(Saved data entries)
***

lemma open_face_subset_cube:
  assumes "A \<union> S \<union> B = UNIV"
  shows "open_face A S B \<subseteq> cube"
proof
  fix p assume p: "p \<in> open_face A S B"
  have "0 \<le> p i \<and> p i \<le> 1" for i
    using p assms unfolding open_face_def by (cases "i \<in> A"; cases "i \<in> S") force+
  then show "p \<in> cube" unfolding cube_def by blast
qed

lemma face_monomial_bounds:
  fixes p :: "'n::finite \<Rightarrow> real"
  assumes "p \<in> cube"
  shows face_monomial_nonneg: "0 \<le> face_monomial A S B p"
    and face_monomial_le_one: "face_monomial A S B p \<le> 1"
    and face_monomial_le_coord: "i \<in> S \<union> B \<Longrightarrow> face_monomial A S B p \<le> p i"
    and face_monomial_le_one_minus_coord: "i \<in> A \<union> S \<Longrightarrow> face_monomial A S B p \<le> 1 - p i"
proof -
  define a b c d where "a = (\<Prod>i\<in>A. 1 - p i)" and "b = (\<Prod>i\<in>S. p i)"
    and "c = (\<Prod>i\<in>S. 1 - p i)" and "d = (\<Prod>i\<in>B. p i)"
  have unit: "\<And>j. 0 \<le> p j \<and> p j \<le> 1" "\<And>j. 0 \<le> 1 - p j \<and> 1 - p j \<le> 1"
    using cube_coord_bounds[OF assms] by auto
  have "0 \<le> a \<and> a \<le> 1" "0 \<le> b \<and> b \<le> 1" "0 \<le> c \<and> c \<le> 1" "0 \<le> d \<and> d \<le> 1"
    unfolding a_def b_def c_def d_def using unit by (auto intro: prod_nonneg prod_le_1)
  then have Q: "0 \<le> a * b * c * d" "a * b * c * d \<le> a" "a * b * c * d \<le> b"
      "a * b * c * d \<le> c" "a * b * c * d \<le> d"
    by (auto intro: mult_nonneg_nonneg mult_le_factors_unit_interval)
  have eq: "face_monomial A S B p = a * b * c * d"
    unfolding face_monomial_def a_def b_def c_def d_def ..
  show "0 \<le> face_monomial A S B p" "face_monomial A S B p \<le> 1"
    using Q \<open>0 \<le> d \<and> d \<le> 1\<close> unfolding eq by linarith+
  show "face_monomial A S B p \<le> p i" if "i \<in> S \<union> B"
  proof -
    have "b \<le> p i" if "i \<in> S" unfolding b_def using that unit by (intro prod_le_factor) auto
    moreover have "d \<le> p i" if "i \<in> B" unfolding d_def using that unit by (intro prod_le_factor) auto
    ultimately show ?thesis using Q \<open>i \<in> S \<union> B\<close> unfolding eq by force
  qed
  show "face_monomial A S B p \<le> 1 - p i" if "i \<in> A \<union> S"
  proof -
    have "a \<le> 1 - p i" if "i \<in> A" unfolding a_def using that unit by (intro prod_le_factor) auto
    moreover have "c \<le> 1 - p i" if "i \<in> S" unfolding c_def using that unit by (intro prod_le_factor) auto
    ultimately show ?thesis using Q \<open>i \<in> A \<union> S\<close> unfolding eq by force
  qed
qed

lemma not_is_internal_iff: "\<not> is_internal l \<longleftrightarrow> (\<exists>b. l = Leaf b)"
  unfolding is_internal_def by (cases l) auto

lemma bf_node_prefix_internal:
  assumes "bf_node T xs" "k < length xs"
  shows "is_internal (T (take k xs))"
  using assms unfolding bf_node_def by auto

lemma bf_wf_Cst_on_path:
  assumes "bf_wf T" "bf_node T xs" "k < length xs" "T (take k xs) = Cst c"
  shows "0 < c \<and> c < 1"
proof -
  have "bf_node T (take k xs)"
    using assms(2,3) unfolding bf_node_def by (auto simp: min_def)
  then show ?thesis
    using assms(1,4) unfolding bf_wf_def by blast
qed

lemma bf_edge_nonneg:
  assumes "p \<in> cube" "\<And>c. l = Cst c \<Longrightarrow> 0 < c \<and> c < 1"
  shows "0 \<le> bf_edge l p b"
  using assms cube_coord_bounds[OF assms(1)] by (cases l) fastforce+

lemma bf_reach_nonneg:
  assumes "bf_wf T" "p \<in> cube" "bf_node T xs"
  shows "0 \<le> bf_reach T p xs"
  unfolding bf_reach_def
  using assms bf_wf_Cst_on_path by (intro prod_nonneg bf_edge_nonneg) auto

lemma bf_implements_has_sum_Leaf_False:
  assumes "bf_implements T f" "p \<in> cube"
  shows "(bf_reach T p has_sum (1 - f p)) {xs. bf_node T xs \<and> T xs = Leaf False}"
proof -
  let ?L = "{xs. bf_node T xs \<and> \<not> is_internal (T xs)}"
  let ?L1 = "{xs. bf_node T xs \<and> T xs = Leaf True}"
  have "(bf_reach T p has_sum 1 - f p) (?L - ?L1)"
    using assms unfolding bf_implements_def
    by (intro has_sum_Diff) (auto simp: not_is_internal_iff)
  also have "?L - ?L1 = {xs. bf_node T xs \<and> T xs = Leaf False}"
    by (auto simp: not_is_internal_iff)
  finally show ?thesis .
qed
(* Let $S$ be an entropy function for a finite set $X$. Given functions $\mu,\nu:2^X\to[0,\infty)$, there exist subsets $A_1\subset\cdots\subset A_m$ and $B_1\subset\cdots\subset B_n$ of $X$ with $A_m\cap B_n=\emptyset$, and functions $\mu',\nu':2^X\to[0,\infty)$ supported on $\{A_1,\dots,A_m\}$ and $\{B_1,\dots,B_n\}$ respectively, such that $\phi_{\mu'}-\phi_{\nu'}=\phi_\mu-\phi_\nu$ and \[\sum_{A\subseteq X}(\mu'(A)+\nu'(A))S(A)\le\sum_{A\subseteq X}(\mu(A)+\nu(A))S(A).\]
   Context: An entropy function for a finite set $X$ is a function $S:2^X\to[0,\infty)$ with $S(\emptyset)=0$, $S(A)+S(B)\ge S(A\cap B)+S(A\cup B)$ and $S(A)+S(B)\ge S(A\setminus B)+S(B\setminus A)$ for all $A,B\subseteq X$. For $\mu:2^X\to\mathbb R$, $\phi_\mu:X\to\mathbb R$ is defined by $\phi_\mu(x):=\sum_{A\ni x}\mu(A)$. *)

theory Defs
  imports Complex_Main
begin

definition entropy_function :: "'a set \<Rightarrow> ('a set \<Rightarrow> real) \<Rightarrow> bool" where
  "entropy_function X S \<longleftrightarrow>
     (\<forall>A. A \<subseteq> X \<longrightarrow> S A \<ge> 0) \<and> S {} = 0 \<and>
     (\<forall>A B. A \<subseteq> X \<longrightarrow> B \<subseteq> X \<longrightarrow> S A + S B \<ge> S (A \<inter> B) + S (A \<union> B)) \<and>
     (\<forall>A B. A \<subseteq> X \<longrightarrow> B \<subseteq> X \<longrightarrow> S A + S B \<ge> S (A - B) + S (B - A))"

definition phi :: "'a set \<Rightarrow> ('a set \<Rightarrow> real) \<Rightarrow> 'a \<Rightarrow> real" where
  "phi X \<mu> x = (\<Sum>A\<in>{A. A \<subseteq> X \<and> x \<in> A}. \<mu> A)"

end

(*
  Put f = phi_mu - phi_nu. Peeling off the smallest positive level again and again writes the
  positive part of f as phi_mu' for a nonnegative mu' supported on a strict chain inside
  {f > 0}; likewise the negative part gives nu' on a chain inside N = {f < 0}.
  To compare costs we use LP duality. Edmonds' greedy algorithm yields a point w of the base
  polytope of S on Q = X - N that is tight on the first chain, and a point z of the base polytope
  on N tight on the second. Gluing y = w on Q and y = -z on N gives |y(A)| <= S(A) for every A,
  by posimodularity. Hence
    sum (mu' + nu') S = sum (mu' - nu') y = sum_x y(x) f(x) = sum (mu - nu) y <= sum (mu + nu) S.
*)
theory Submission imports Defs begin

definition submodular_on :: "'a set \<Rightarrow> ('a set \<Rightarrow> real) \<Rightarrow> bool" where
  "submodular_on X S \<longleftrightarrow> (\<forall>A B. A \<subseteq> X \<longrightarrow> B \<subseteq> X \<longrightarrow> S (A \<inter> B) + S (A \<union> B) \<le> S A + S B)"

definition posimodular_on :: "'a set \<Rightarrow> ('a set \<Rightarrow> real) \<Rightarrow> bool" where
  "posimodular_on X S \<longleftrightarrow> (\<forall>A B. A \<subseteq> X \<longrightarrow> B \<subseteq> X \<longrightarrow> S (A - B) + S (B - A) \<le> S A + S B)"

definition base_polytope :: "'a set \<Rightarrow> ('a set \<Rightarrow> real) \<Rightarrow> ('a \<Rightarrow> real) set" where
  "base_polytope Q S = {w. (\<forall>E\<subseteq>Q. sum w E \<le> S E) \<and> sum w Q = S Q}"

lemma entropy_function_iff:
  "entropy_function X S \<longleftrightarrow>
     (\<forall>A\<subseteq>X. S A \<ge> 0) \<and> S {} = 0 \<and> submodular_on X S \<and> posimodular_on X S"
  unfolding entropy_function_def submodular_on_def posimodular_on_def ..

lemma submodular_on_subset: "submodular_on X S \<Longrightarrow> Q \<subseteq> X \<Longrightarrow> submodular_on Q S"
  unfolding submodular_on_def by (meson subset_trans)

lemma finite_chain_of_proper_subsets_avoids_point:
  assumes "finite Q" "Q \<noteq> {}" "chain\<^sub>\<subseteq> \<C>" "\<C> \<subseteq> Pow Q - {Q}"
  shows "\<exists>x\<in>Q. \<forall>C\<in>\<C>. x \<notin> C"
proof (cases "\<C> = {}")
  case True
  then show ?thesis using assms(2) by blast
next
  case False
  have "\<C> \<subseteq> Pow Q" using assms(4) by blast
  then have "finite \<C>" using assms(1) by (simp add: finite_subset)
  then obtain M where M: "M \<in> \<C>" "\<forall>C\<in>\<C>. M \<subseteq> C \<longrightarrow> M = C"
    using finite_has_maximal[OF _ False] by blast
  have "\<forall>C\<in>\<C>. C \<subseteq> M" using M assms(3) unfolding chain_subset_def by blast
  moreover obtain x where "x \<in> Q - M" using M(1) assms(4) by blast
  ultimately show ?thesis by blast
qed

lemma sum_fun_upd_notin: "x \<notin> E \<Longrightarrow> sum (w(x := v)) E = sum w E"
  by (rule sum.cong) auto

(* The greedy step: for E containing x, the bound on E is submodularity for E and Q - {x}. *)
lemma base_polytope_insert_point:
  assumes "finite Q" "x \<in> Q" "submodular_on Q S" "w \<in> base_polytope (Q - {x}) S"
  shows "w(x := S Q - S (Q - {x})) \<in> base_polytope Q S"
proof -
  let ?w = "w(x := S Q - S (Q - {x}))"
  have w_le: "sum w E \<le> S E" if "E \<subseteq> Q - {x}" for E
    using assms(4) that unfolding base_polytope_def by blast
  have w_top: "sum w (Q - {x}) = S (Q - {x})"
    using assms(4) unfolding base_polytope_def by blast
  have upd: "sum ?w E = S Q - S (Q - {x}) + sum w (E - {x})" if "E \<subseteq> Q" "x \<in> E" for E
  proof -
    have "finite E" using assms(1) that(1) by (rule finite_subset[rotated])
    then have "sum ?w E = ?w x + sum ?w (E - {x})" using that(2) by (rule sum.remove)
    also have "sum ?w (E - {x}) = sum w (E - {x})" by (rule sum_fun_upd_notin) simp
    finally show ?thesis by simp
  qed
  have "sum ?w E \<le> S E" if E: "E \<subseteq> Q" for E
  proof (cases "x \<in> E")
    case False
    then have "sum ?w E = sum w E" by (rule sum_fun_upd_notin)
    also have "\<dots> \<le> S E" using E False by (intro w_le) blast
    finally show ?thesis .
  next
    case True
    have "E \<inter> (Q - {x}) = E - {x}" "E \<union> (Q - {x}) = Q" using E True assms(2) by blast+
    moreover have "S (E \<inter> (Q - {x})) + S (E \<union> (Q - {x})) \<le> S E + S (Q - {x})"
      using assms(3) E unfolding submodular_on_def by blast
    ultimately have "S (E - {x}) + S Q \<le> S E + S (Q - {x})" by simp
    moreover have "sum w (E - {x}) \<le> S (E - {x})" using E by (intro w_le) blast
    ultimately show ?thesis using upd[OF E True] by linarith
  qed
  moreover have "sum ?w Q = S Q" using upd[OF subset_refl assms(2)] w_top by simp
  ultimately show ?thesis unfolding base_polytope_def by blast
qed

***

Starting at the line that has "on N tight on" and ending at the line that has "(A \<union> B) \<le>", please write out the lines above exactly, leaving out all others.

  on N tight on the second. Gluing y = w on Q and y = -z on N gives |y(A)| <= S(A) for every A,
  by posimodularity. Hence
    sum (mu' + nu') S = sum (mu' - nu') y = sum_x y(x) f(x) = sum (mu - nu) y <= sum (mu + nu) S.
*)
theory Submission imports Defs begin

definition submodular_on :: "'a set \<Rightarrow> ('a set \<Rightarrow> real) \<Rightarrow> bool" where
  "submodular_on X S \<longleftrightarrow> (\<forall>A B. A \<subseteq> X \<longrightarrow> B \<subseteq> X \<longrightarrow> S (A \<inter> B) + S (A \<union> B) \<le> S A + S B)"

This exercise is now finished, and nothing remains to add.